**Problem statement:** Lines of the material that include the string "notin" should be returned.

**Records provided:**
Start of Block

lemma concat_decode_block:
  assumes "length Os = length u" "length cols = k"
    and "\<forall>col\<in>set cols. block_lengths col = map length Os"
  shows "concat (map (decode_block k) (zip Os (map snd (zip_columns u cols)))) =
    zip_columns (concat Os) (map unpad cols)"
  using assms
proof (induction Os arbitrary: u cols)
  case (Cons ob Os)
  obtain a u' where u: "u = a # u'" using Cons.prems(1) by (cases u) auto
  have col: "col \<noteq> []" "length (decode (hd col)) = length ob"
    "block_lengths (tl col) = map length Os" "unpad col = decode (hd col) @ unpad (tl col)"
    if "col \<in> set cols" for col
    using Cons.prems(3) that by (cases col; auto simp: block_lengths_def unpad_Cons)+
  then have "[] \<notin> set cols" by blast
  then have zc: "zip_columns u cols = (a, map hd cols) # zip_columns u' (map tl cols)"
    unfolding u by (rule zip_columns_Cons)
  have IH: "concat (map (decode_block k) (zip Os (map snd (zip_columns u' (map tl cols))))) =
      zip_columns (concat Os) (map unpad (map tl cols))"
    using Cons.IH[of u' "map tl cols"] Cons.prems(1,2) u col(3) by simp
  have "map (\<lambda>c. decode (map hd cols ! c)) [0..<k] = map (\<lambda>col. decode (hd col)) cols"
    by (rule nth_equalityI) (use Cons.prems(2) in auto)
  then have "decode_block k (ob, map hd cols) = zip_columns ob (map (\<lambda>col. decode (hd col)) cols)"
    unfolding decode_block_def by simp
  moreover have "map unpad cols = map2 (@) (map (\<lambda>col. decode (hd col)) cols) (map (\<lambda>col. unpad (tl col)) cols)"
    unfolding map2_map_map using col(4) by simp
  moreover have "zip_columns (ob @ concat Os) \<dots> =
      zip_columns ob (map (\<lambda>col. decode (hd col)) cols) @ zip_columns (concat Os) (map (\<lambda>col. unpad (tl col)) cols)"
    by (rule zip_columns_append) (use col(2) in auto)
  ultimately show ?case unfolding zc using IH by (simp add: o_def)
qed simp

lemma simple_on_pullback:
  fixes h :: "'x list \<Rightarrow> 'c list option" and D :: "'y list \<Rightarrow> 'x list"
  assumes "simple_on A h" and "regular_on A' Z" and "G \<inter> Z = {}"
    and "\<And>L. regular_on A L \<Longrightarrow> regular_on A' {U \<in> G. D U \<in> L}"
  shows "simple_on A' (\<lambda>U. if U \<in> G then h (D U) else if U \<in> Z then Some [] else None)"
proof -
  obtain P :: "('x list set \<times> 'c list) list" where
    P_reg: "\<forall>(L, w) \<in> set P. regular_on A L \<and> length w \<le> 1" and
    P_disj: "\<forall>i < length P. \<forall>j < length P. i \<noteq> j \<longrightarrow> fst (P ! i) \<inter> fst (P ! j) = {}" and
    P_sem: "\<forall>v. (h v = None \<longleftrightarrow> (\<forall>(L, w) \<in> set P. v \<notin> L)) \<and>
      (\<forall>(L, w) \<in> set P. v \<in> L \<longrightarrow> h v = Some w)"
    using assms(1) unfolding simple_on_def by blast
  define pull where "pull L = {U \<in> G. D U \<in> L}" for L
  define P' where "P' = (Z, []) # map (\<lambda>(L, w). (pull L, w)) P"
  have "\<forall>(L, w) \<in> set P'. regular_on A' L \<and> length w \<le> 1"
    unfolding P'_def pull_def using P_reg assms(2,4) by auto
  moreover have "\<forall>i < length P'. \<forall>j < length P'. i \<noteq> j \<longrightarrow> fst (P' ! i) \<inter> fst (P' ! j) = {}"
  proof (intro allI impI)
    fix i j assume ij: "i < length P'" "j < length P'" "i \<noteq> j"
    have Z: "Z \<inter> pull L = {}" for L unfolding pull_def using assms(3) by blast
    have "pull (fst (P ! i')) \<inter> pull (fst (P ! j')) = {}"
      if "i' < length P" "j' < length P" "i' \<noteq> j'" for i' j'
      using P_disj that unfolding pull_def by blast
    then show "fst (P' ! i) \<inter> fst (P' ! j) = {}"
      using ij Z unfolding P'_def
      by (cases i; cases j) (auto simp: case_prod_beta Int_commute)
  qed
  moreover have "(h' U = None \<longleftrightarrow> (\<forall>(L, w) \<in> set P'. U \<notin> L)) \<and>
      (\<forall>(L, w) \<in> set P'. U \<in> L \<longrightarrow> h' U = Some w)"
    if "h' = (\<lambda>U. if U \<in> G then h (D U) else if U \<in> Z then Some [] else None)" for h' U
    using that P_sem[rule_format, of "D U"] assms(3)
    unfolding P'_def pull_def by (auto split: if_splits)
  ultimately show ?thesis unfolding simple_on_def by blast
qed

End of Block

**Reply:**
  then have "[] \<notin> set cols" by blast
    P_sem: "\<forall>v. (h v = None \<longleftrightarrow> (\<forall>(L, w) \<in> set P. v \<notin> L)) \<and>
  moreover have "(h' U = None \<longleftrightarrow> (\<forall>(L, w) \<in> set P'. U \<notin> L)) \<and>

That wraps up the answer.